Extracted information START

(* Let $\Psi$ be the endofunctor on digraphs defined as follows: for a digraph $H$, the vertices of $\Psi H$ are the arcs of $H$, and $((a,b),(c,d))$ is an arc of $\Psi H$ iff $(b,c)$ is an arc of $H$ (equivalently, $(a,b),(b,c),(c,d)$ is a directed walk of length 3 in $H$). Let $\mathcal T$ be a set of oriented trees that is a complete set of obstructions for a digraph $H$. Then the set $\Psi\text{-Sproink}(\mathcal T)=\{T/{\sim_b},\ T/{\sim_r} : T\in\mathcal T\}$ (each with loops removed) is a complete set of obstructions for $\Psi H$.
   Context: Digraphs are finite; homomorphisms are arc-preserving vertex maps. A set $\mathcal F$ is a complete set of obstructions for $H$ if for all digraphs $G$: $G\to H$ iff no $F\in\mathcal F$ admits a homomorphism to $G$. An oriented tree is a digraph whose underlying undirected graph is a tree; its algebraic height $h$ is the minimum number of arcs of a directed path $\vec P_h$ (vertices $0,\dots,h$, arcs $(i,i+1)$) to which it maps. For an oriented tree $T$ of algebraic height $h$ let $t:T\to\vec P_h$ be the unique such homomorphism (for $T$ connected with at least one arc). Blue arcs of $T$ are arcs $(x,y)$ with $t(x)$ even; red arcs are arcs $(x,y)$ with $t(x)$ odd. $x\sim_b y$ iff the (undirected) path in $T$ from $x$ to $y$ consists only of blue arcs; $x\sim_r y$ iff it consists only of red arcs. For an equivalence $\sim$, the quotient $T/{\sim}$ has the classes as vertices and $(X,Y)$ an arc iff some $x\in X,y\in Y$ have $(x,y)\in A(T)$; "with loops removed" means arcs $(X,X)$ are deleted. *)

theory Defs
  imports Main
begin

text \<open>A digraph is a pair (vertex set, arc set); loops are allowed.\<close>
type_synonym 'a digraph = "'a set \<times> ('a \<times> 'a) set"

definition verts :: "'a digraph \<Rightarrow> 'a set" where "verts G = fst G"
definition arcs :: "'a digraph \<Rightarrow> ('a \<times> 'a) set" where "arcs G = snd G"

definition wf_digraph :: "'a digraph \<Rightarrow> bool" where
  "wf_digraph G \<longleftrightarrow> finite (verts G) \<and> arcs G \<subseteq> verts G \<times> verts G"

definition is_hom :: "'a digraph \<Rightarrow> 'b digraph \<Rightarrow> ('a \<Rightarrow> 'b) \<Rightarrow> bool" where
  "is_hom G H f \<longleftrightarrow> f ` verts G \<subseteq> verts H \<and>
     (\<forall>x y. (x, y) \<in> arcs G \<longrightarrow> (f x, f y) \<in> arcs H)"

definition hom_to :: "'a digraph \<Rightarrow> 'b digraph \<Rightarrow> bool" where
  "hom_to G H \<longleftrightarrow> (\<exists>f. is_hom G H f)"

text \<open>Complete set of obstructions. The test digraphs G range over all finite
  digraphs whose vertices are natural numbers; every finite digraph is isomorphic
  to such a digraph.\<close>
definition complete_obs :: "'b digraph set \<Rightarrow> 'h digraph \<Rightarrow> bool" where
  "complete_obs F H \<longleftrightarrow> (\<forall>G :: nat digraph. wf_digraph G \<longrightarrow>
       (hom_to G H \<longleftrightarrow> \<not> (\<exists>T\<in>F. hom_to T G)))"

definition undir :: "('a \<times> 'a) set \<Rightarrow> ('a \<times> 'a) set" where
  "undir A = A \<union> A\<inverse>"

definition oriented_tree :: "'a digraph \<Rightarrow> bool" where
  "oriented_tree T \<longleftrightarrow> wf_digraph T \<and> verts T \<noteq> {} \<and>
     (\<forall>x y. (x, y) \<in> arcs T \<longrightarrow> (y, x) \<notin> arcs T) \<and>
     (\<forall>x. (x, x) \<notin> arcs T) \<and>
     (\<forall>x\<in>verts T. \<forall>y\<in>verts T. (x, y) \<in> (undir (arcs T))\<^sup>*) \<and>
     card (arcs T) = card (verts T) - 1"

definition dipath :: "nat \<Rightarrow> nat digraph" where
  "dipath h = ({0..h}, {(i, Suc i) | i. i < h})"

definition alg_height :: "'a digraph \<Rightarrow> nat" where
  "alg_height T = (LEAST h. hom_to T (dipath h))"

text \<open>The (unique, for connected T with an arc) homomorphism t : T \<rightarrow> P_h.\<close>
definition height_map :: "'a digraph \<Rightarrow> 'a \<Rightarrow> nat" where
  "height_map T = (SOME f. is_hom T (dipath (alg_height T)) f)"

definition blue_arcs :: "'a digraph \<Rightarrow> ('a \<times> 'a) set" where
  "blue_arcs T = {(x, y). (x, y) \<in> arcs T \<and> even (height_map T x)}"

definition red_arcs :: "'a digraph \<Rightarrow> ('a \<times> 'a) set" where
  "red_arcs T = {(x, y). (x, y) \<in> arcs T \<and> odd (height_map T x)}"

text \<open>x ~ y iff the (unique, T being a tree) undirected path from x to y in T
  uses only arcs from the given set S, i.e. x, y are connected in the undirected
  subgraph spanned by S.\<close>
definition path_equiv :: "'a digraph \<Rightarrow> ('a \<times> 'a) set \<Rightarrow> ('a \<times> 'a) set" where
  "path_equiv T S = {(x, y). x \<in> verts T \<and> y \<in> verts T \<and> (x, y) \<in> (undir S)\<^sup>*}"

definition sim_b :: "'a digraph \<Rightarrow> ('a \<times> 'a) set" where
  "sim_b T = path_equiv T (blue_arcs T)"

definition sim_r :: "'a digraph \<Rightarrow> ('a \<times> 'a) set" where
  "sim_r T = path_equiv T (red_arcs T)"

Extracted information END

- **Exercise objective**
For the records above, state the number of lines that contain "whose", and provide nothing further.

- **Task result**
2